**Task to carry out**
Give the lines below again exactly, starting with the line that holds "open V \<and>" and going on through the line that holds "(\<forall>(a::complex) v. D".

[Saved data entries]
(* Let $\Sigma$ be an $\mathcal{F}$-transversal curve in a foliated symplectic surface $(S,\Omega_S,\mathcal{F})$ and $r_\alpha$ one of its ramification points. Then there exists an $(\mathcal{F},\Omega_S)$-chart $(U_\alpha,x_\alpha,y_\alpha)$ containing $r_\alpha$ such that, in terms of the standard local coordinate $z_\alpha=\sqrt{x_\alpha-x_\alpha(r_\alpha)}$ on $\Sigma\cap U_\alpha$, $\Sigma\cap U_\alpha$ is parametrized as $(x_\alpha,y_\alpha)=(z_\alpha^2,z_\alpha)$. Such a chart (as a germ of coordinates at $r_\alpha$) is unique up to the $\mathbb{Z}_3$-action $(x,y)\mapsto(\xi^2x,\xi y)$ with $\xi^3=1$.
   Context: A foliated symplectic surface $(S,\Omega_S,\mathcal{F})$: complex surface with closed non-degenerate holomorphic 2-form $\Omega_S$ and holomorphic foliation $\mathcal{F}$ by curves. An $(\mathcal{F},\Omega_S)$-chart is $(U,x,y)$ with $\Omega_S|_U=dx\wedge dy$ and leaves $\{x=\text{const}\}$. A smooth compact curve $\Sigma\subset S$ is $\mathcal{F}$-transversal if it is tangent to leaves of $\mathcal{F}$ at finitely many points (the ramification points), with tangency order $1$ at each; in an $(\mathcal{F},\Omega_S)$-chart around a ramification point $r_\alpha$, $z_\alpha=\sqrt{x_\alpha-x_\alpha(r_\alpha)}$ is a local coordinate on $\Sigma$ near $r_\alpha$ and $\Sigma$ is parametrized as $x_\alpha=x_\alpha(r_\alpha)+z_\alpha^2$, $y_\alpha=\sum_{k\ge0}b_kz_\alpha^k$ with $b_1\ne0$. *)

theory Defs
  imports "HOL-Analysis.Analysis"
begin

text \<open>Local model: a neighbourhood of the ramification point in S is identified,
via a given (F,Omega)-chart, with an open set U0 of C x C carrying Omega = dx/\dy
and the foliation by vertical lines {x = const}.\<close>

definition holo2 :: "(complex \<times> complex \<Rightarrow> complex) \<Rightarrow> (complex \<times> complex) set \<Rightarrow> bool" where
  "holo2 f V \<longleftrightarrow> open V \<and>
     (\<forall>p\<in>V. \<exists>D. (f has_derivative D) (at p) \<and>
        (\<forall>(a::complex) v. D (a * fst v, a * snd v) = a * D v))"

==

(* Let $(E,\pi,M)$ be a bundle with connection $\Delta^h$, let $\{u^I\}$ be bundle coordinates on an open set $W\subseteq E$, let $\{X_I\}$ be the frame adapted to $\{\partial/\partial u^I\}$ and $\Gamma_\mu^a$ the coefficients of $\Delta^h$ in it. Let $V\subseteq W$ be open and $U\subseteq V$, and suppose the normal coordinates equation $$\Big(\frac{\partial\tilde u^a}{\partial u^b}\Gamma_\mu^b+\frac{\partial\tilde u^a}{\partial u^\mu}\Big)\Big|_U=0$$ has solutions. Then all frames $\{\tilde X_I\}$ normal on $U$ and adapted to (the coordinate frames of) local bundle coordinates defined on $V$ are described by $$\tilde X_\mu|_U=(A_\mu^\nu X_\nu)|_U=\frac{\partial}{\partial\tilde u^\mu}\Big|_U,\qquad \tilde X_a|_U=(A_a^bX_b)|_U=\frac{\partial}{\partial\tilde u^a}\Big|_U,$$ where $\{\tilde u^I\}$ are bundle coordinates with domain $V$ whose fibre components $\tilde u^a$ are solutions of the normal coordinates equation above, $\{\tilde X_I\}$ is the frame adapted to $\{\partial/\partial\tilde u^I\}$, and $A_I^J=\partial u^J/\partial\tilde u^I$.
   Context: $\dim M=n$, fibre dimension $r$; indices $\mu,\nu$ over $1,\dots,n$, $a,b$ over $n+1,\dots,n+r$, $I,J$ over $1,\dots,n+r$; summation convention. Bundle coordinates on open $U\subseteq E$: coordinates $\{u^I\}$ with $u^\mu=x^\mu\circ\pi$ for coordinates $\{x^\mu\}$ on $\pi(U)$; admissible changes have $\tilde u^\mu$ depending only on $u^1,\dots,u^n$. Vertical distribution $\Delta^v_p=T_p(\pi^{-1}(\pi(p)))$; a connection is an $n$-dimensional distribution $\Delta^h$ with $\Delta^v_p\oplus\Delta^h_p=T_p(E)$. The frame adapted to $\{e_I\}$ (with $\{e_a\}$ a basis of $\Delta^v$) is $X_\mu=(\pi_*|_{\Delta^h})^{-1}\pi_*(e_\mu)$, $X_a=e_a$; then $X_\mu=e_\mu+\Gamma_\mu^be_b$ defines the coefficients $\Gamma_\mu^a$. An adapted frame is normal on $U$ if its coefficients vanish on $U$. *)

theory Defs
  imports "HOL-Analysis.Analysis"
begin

**Exercise solution**
  "holo2 f V \<longleftrightarrow> open V \<and>
     (\<forall>p\<in>V. \<exists>D. (f has_derivative D) (at p) \<and>
        (\<forall>(a::complex) v. D (a * fst v, a * snd v) = a * D v))"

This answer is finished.